Here we are following these states:

This image represents what is called the recursion tree. It show us how the function do the transitions.

Moreover, notice that we do not need to do something like this:

.
.
.
  for (int p_i = 1; p_i <= n; p_i++) {
    if (!used[p_i]) {
      vector <bool> used_previous = used;
      vector <int> permutation_previous = permutation;
      used[p_i] = true;
      permutation.push_back(p_i);
      backtrack();
      used = used_previous;
      permutation = permutation_previous;
    }
  }
.
.
.

Because it will be heavier that the first solution and we know that:

  • If previous of calling the recursion we ADD an element TO THE END of the vector, then after the recursion we must DELETE THE LAST element of the vector.
  • If previous of calling the recursion we SET TO TRUE an element, then after the recursion we must SET TO FALSE that element.
  • If previous of calling the recursion we ADD something, then after the recursion we must SUBTRACT something.
  • Following this logic, If previous of calling the recursion we DO ONE OPERATION, then after the recursion we must REVERSE that operation. If the operation is complicated we can just save a copy of the previous state, else we can try to reverse the operations.

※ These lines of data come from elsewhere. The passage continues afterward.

lemma separated_residual:
  assumes x: "x \<in> X" and tx: "t - F x \<in> J" and p: "p = 4 * (1 + 1 / n)\<^sup>2 * r\<^sup>2"
  shows "(\<lambda>s. u s x) differentiable (at t) \<and>
         (\<lambda>s. deriv (\<lambda>s'. u s' x) s) differentiable (at t) \<and>
         (\<lambda>y. u t y) differentiable (at x) \<and>
         (\<lambda>y. u t y powr n * deriv (\<lambda>z. u t z) y) differentiable (at x) \<and>
         \<bar>\<xi> x\<bar> powr (- (3 * n + 4) / (2 * n + 2)) * exp (r * F x)
            * deriv (\<lambda>s. deriv (\<lambda>s'. u s' x) s) t
         - deriv (\<lambda>y. u t y powr n * deriv (\<lambda>z. u t z) y) x
         - ((\<xi>' x)\<^sup>2 - 2 * \<xi> x * \<xi>'' x - p) / (4 * (n + 1) * (\<xi> x)\<^sup>2) * u t x powr (n + 1) = 0"
proof -
  define y0 where "y0 = \<phi> (t - F x)"
  have y0: "y0 > 0" "y0 powr n \<noteq> 1"
    using phi_pos profile_has_derivative(1) tx by (auto simp: y0_def)
  obtain D where D: "(profile_slope n r c1 has_real_derivative D) (at y0)"
    and ode: "(1 - y0 powr n) * (D * profile_slope n r c1 y0) + 2 * r * (n + 1) / n * y0 powr n * profile_slope n r c1 y0
              - n * y0 powr n / y0 * (profile_slope n r c1 y0)\<^sup>2 = 0"
    using profile_slope_reduced_ode[OF n0 y0] .
  note time = time_derivatives[OF x tx D[unfolded y0_def]]
    and space = space_derivatives[OF x tx D[unfolded y0_def]]
  have \<xi>: "\<xi> x \<noteq> 0"
    using xi_nz x by auto
  have exp_weight: "exp ((n + 1) * weight x) = exp (n * weight x) * exp (weight x)"
    by (simp add: distrib_right exp_add)
  have u_powr_succ: "u t x powr (n + 1) = y0 powr n * y0 * exp ((n + 1) * weight x)"
    unfolding u_powr[OF x tx] y0_def[symmetric] using y0 by (simp add: powr_add)
  show ?thesis
  proof (intro conjI)
    show "(\<lambda>s. u s x) differentiable (at t)" "(\<lambda>s. deriv (\<lambda>s'. u s' x) s) differentiable (at t)"
      using time by (auto simp: real_differentiable_def)
    show "(\<lambda>y. u t y) differentiable (at x)" "(\<lambda>y. u t y powr n * deriv (\<lambda>z. u t z) y) differentiable (at x)"
      using space by (auto simp: real_differentiable_def)
    show "\<bar>\<xi> x\<bar> powr (- (3 * n + 4) / (2 * n + 2)) * exp (r * F x)
            * deriv (\<lambda>s. deriv (\<lambda>s'. u s' x) s) t
          - deriv (\<lambda>y. u t y powr n * deriv (\<lambda>z. u t z) y) x
          - ((\<xi>' x)\<^sup>2 - 2 * \<xi> x * \<xi>'' x - p) / (4 * (n + 1) * (\<xi> x)\<^sup>2) * u t x powr (n + 1) = 0"
      unfolding weight_coefficient[OF x] u_powr_succ DERIV_imp_deriv[OF time(2)] DERIV_imp_deriv[OF space(2)]
        exp_weight y0_def[symmetric]
      by (subst separated_residual_factorization[OF n0 n1 \<xi>(1) _ p]) (use y0 ode in simp_all)
  qed
qed

end

theorem mainTheorem7:
  fixes n r c1 c2 p :: real
    and \<xi> \<xi>' \<xi>'' F G \<phi> :: "real \<Rightarrow> real"
    and X J :: "real set"
    and u :: "real \<Rightarrow> real \<Rightarrow> real"
  assumes n0: "n \<noteq> 0" and n1: "n \<noteq> -1"
    and X_open: "open X"
    and xi_nz: "\<forall>x\<in>X. \<xi> x \<noteq> 0"
    and xi_d1: "\<forall>x\<in>X. (\<xi> has_real_derivative \<xi>' x) (at x)"
    and xi_d2: "\<forall>x\<in>X. (\<xi>' has_real_derivative \<xi>'' x) (at x)"
    and F_antider: "\<forall>x\<in>X. (F has_real_derivative 1 / \<xi> x) (at x)"
    and p_def: "p = 4 * (1 + 1 / n)\<^sup>2 * r\<^sup>2"
    and J_open: "open J"
    and phi_pos: "\<forall>w\<in>J. \<phi> w > 0"
    and phi_diff: "\<forall>w\<in>J. \<phi> differentiable (at w)"
    and denom_nz: "\<forall>w\<in>J. 2 * r * \<phi> w powr (n + 1) + c1 \<noteq> 0"
    and G_antider: "\<forall>w\<in>J. (G has_real_derivative
                        n * (\<phi> w powr n - 1) / (2 * r * \<phi> w powr (n + 1) + c1)) (at (\<phi> w))"
    and phi_implicit: "\<forall>w\<in>J. G (\<phi> w) = w + c2"
    and u_def: "u = (\<lambda>t x. \<phi> (t - F x) * \<bar>\<xi> x\<bar> powr (1 / (2 * n + 2)) * exp (r / n * F x))"
  shows "\<forall>t x. x \<in> X \<and> t - F x \<in> J \<longrightarrow>
           (\<lambda>s. u s x) differentiable (at t) \<and>
           (\<lambda>s. deriv (\<lambda>s'. u s' x) s) differentiable (at t) \<and>
           (\<lambda>y. u t y) differentiable (at x) \<and>
           (\<lambda>y. u t y powr n * deriv (\<lambda>z. u t z) y) differentiable (at x) \<and>
           \<bar>\<xi> x\<bar> powr (- (3 * n + 4) / (2 * n + 2)) * exp (r * F x)
              * deriv (\<lambda>s. deriv (\<lambda>s'. u s' x) s) t
           - deriv (\<lambda>y. u t y powr n * deriv (\<lambda>z. u t z) y) x
           - ((\<xi>' x)\<^sup>2 - 2 * \<xi> x * \<xi>'' x - p) / (4 * (n + 1) * (\<xi> x)\<^sup>2) * u t x powr (n + 1) = 0"
proof -
  interpret separated_ansatz n r c1 c2 \<xi> \<xi>' \<xi>'' F G \<phi> X J u
    using assms by unfold_locales auto
  show ?thesis
    using separated_residual[OF _ _ p_def] by blast
qed

end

From all this one notice that if you are in your recursion in some state and you go to state', then after returning of traversing the recursion tree of state' you expect to have some variables in the condition they were before traversing the recursion tree of state'. Understanding this idea is the key to implement backtracking solutions.

Sudoku

With backtracking it is easy to generate all possible movements in a game and choose the best movement.

Problem:

Complete the above sudoku such that each number from 1 to 9 is found just once in each row, column and quadrant.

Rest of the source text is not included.